Арчи изумленно присвистнул. Обычно он не позволял себе терять хладнокровие по пустякам, особенно в обществе людей вроде брата Леона. Но намерение привезти в Тринити двадцать тысяч коробок шоколадных конфет выглядело просто нелепым. Потом он увидел на верхней губе брата Леона прозрачные бисерные усы, заметил, как увлажнились его глаза и вспотел лоб. И что-то щелкнуло у него в мозгу. Это был не тот убийственно спокойный Леон, перед которым трепетал весь класс. Этого явно что-то мучило, что-то язвило. Пораженный своим внезапным прозрением, боясь выдать себя участившимся стуком сердца, Арчи замер в абсолютной неподвижности. Он наконец получил доказательство того, о чем догадывался уже давно, причем это имело отношение не только к брату Леону, но и к большинству учителей, большинству взрослых: они ранимы, у них есть свои страхи и свои слабые места.
— Я понимаю, что это немало, — признал брат Леон.
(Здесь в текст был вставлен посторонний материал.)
(* Assume the setting and algorithm described in the context, with any step-size $\alpha>0$. Let $\beta>0$ be arbitrary and $\theta:=1-\frac1m+\alpha\beta+\frac{2\alpha^2L^2}{n}$. Then for all $k\ge0$, almost surely, $$\mathbb E\big[t^{k+1}\,|\,\mathcal F^k\big]\le\theta\,t^k+\Big(2\alpha^2+\frac\alpha\beta\Big)\|\overline{\nabla\mathbf f}(x^k)\|^2+\Big(\frac{2\alpha^2L^2}{n}+\frac2m\Big)\frac1n\|x^k-Jx^k\|^2 .$$
   Context: Setting. Let $n,m,p\ge1$ be integers and $\mathcal V=\{1,\dots,n\}$. For each $i\in\mathcal V$ and $j\in\{1,\dots,m\}$, $f_{i,j}:\mathbb R^p\to\mathbb R$ is differentiable and $L$-smooth for some $L>0$, i.e. $\|\nabla f_{i,j}(x)-\nabla f_{i,j}(y)\|\le L\|x-y\|$ for all $x,y\in\mathbb R^p$. Let $f_i:=\frac1m\sum_{j=1}^m f_{i,j}$ and $F:=\frac1n\sum_{i=1}^n f_i$, and assume $F^*:=\inf_{x\in\mathbb R^p}F(x)>-\infty$. Let $\underline W=(\underline w_{ir})\in\mathbb R^{n\times n}$ be a nonnegative, primitive, doubly stochastic matrix ($\underline W\mathbf 1_n=\mathbf 1_n$, $\mathbf 1_n^\top\underline W=\mathbf 1_n^\top$), and let $\lambda\in[0,1)$ be its second largest singular value. Any expression with $\lambda$ in a denominator is read as $+\infty$ when $\lambda=0$. Algorithm GT-SAGA with step-size $\alpha>0$: fix a deterministic $\bar x^0\in\mathbb R^p$; for all $i\in\mathcal V$ set $x_i^0=\bar x^0$, $z_{i,j}^0=x_i^0$ for all $j$, $y_i^0=0$, $g_i^{-1}=0$. For $k=0,1,2,\dots$ and every $i\in\mathcal V$: draw $\tau_i^k$ uniformly from $\{1,\dots,m\}$; set $g_i^k=\nabla f_{i,\tau_i^k}(x_i^k)-\nabla f_{i,\tau_i^k}(z_{i,\tau_i^k}^k)+\frac1m\sum_{j=1}^m\nabla f_{i,j}(z_{i,j}^k)$; set $y_i^{k+1}=\sum_{r=1}^n\underline w_{ir}(y_r^k+g_r^k-g_r^{k-1})$; set $x_i^{k+1}=\sum_{r=1}^n\underline w_{ir}(x_r^k-\alpha y_r^{k+1})$; draw $s_i^k$ uniformly from $\{1,\dots,m\}$; set $z_{i,j}^{k+1}=x_i^k$ if $j=s_i^k$ and $z_{i,j}^{k+1}=z_{i,j}^k$ otherwise. The family $\{\tau_i^k,s_i^k: i\in\mathcal V,k\ge0\}$ is independent. Notation. $x^k,y^k,g^k\in\mathbb R^{np}$ stack the $x_i^k$, $y_i^k$, $g_i^k$; $\nabla\mathbf f(x^k)\in\mathbb R^{np}$ stacks $\nabla f_i(x_i^k)$, $i=1,\dots,n$; $W=\underline W\otimes I_p$, $J=(\frac1n\mathbf 1_n\mathbf 1_n^\top)\otimes I_p$; $\bar x^k=\frac1n\sum_i x_i^k$, $\bar g^k=\frac1n\sum_i g_i^k$, $\overline{\nabla\mathbf f}(x^k)=\frac1n\sum_i\nabla f_i(x_i^k)$. $\mathcal F^0$ is the trivial $\sigma$-algebra and $\mathcal F^k=\sigma(\{\tau_i^t,s_i^t:i\in\mathcal V,\ t\le k-1\})$ for $k\ge1$. $t^k:=\frac1n\sum_{i=1}^n\frac1m\sum_{j=1}^m\|\bar x^k-z_{i,j}^k\|^2$. $\|\nabla\mathbf f(x^0)\|^2:=\sum_{i=1}^n\|\nabla f_i(\bar x^0)\|^2$. Norms are Euclidean (spectral for matrices); vector and matrix inequalities are entrywise. *)

theory Defs
  imports "HOL-Analysis.Analysis" "HOL-Probability.Probability"
begin

(* Nodes are indexed 0..<n, component functions 0..<m (0-based instead of 1-based). *)

fun mat_pow :: "nat \<Rightarrow> (nat \<Rightarrow> nat \<Rightarrow> real) \<Rightarrow> nat \<Rightarrow> nat \<Rightarrow> nat \<Rightarrow> real" where
  "mat_pow n W 0 = (\<lambda>i j. if i = j then 1 else 0)"
| "mat_pow n W (Suc k) = (\<lambda>i j. \<Sum>r<n. mat_pow n W k i r * W r j)"

definition primitive_mat :: "nat \<Rightarrow> (nat \<Rightarrow> nat \<Rightarrow> real) \<Rightarrow> bool" where
  "primitive_mat n W \<longleftrightarrow> (\<exists>k. \<forall>i<n. \<forall>j<n. mat_pow n W k i j > 0)"

definition doubly_stochastic :: "nat \<Rightarrow> (nat \<Rightarrow> nat \<Rightarrow> real) \<Rightarrow> bool" where
  "doubly_stochastic n W \<longleftrightarrow>
     (\<forall>i<n. \<forall>j<n. W i j \<ge> 0) \<and> (\<forall>i<n. (\<Sum>j<n. W i j) = 1) \<and> (\<forall>j<n. (\<Sum>i<n. W i j) = 1)"

(* One random draw per node and per iteration: the pair (tau_i^k, s_i^k). *)
type_synonym draws = "nat \<Rightarrow> nat \<times> nat"

(* State of GT-SAGA at iteration k: (x^k, y^k, z^k, g^{k-1}) *)
type_synonym 'a gt_state = "(nat \<Rightarrow> 'a) \<times> (nat \<Rightarrow> 'a) \<times> (nat \<Rightarrow> nat \<Rightarrow> 'a) \<times> (nat \<Rightarrow> 'a)"

(* the stochastic gradient g_i^k, given the state and the draws at time k;
   Df i j is the gradient of f_{i,j} *)
definition saga_grad ::
  "nat \<Rightarrow> (nat \<Rightarrow> nat \<Rightarrow> 'a::euclidean_space \<Rightarrow> 'a) \<Rightarrow> 'a gt_state \<Rightarrow> draws \<Rightarrow> nat \<Rightarrow> 'a" where
  "saga_grad m Df st d i =
     (case st of (x, y, z, gp) \<Rightarrow>
        Df i (fst (d i)) (x i) - Df i (fst (d i)) (z i (fst (d i)))
        + (1 / real m) *\<^sub>R (\<Sum>j<m. Df i j (z i j)))"

definition gt_step ::
  "nat \<Rightarrow> nat \<Rightarrow> (nat \<Rightarrow> nat \<Rightarrow> real) \<Rightarrow> real \<Rightarrow> (nat \<Rightarrow> nat \<Rightarrow> 'a::euclidean_space \<Rightarrow> 'a)
   \<Rightarrow> 'a gt_state \<Rightarrow> draws \<Rightarrow> 'a gt_state" where
  "gt_step n m W \<alpha> Df st d =
     (case st of (x, y, z, gp) \<Rightarrow>
       let g = saga_grad m Df st d;
           y' = (\<lambda>i. \<Sum>r<n. W i r *\<^sub>R (y r + g r - gp r));
           x' = (\<lambda>i. \<Sum>r<n. W i r *\<^sub>R (x r - \<alpha> *\<^sub>R y' r));
           z' = (\<lambda>i j. if j = snd (d i) then x i else z i j)
       in (x', y', z', g))"

primrec gt_saga ::
  "nat \<Rightarrow> nat \<Rightarrow> (nat \<Rightarrow> nat \<Rightarrow> real) \<Rightarrow> real \<Rightarrow> (nat \<Rightarrow> nat \<Rightarrow> 'a::euclidean_space \<Rightarrow> 'a) \<Rightarrow> 'a
   \<Rightarrow> (nat \<Rightarrow> draws) \<Rightarrow> nat \<Rightarrow> 'a gt_state" where
  "gt_saga n m W \<alpha> Df x0 \<omega> 0 = (\<lambda>i. x0, \<lambda>i. 0, \<lambda>i j. x0, \<lambda>i. 0)"
| "gt_saga n m W \<alpha> Df x0 \<omega> (Suc k) = gt_step n m W \<alpha> Df (gt_saga n m W \<alpha> Df x0 \<omega> k) (\<omega> k)"

definition st_x :: "'a gt_state \<Rightarrow> nat \<Rightarrow> 'a" where "st_x st = fst st"
definition st_z :: "'a gt_state \<Rightarrow> nat \<Rightarrow> nat \<Rightarrow> 'a" where "st_z st = fst (snd (snd st))"

definition avg :: "nat \<Rightarrow> (nat \<Rightarrow> 'a::real_vector) \<Rightarrow> 'a" where
  "avg n v = (1 / real n) *\<^sub>R (\<Sum>i<n. v i)"

definition t_gap :: "nat \<Rightarrow> nat \<Rightarrow> 'a::euclidean_space gt_state \<Rightarrow> real" where
  "t_gap n m st = (1 / real n) * (\<Sum>i<n. (1 / real m) *
       (\<Sum>j<m. (norm (avg n (st_x st) - st_z st i j))\<^sup>2))"

definition consensus_err :: "nat \<Rightarrow> 'a::euclidean_space gt_state \<Rightarrow> real" where
  "consensus_err n st = (\<Sum>i<n. (norm (st_x st i - avg n (st_x st)))\<^sup>2)"

definition avg_grad_sq :: "nat \<Rightarrow> nat \<Rightarrow> (nat \<Rightarrow> nat \<Rightarrow> 'a::euclidean_space \<Rightarrow> 'a) \<Rightarrow> 'a gt_state \<Rightarrow> real" where
  "avg_grad_sq n m Df st =
     (norm (avg n (\<lambda>i. (1 / real m) *\<^sub>R (\<Sum>j<m. Df i j (st_x st i)))))\<^sup>2"

definition draw_space :: "nat \<Rightarrow> nat \<Rightarrow> draws measure" where
  "draw_space n m = PiM {..<n} (\<lambda>_. measure_pmf (pair_pmf (pmf_of_set {..<m}) (pmf_of_set {..<m})))"

definition run_space :: "nat \<Rightarrow> nat \<Rightarrow> (nat \<Rightarrow> draws) measure" where
  "run_space n m = PiM UNIV (\<lambda>_::nat. draw_space n m)"

definition filt :: "nat \<Rightarrow> nat \<Rightarrow> nat \<Rightarrow> (nat \<Rightarrow> draws) measure" where
  "filt n m k = vimage_algebra (space (run_space n m)) (\<lambda>\<omega>. restrict \<omega> {..<k})
                   (PiM {..<k} (\<lambda>_. draw_space n m))"

end

theory Submission
  imports Defs
begin

text \<open>
Given the draws of rounds 0, ..., k-1, the state of GT-SAGA at round k is fixed, and the draws of
round k are independent of them; so the conditional expectation of the next gap is the plain
expectation over one round of draws, taken at the current state. Write the new network average as
x - alpha (g + N), where g averages the exact local gradients and N averages the SAGA errors
xi_i(tau_i), which have mean zero. Each memory point z_ij is overwritten by x_i with probability 1/m,
independently of N, so the expected gap splits exactly into a resampling part plus the noise
variance (alpha^2/n) avg_i E|xi_i|^2. In the resampling part the cross term
2 alpha (1 - 1/m) <w, g>, with w the average of the x - z_ij, is absorbed by Young's inequality
with weight beta, using |w|^2 <= t^k; L-smoothness bounds the noise variance by
2 L^2 (consensus error / n + t^k).
\<close>

section \<open>Conditioning on the past of an i.i.d. sequence\<close>

text \<open>Every function out of such a space is measurable, which disposes of all measurability
  side conditions below: the spaces of draws are of this kind.\<close>

definition countable_discrete :: "'a measure \<Rightarrow> bool" where
  "countable_discrete N \<longleftrightarrow> countable (space N) \<and> (\<forall>x\<in>space N. {x} \<in> sets N)"

lemma measurable_countable_discrete:
  assumes "countable_discrete N" "f \<in> space N \<rightarrow> space M"
  shows "f \<in> measurable N M"
  unfolding measurable_def
proof safe
  fix A assume "A \<in> sets M"
  have "f -` A \<inter> space N = (\<Union>x\<in>f -` A \<inter> space N. {x})" by auto
  also have "\<dots> \<in> sets N"
    using assms(1) unfolding countable_discrete_def
    by (intro sets.countable_UN') (auto intro: countable_subset)
  finally show "f -` A \<inter> space N \<in> sets N" .
qed (use assms(2) in auto)

lemma borel_measurable_countable_discrete: "countable_discrete N \<Longrightarrow> f \<in> borel_measurable N"
  by (rule measurable_countable_discrete) auto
В его голосе не было и следа беспокойства, и Арчи невольно почувствовал уважение. Сильная личность этот Леон — попробуй прижми такого к стенке. Пот градом льется, а голос ровный, никаких эмоций. — Но у нас за плечами крепкая традиция. Мы продаем шоколадные конфеты каждый год. Ребята ждут этого. Если в другие годы нам удавалось продать по десять тысяч коробок, то почему бы на этот раз не продать двадцать? И это ведь не обычные конфеты, Арчи. Они сулят большую прибыль. Это особый случай.
— Что значит «особый»? — спросил Арчи, развивая свое преимущество, стараясь изгнать из голоса всякий намек на подобострастие. Леон сам пригласил его в свой кабинет — так пусть теперь говорит с настоящим Арчи, а не с простым мальчишкой, который сидит за партой на его уроках алгебры.
— Вообще-то это конфеты, которые остались от Дня матери[3]. Нам удалось — то есть мне удалось — приобрести их со скидкой. Прекрасные подарочные коробки, все в отличном состоянии. С прошлой весны они хранились в идеальных условиях. Все, что нам нужно, — это снять красные ленточки с надписью «Дорогой маме», и дело пойдет. Мы можем продать их по два доллара за коробку и заработать почти по доллару на каждой.
— Но двадцать тысяч? — Арчи быстро произвел в уме несложные вычисления, хотя математик из него был не ахти какой. — У нас в школе примерно четыреста учеников. Это значит, что каждый должен будет продать пятьдесят коробок. Раньше нормой было по двадцать пять на каждого и продавали их по доллару за штуку. — Он вздохнул. — Теперь все удваивается. Это большой объем для школы, брат Леон. Для любой, не только для нашей.
— Знаю, Арчи. Но Тринити — особая школа, не правда ли? Если бы я не верил, что ребята из Тринити с этим справятся, разве я стал бы рисковать? Разве мы не способны на большее, чем другие школы?
Хватит вешать лапшу на уши, подумал Арчи.
— Я знаю, о чем ты себя спрашиваешь, Арчи: зачем я озадачиваю тебя всем этим?
Арчи и впрямь пока еще не понимал, ради чего брат Леон решил посвятить его в свои планы. Он никогда не был на дружеской ноге ни с Леоном, ни с кем-либо из остальных учителей. Вдобавок Леона нельзя было назвать обычным учителем. Бледный, заискивающего вида, он производил впечатление одного из тех людей, что крадутся по жизни на цыпочках, стараясь никого не потревожить. Он походил на затюканного мужа, на неудачника и тряпку. Он занимал должность заместителя директора, а по сути был у директора на побегушках. Сходи туда-то, принеси то-то. Но все это было обманчиво. В классе Леон превращался в совершенно другого человека. Он был полон издевки и сарказма. Его тонкий, высокий голос источал отраву. Он приковывал к себе внимание, как кобра. Вместо ядовитых зубов ему служила учительская указка, мелькающая то там, то сям — повсюду. Он следил за классом, точно ястреб, выискивая нерадивых и замечтавшихся, нащупывая в учениках слабости, а потом играя на этих слабостях. Но Арчи он никогда не трогал. Во всяком случае, пока.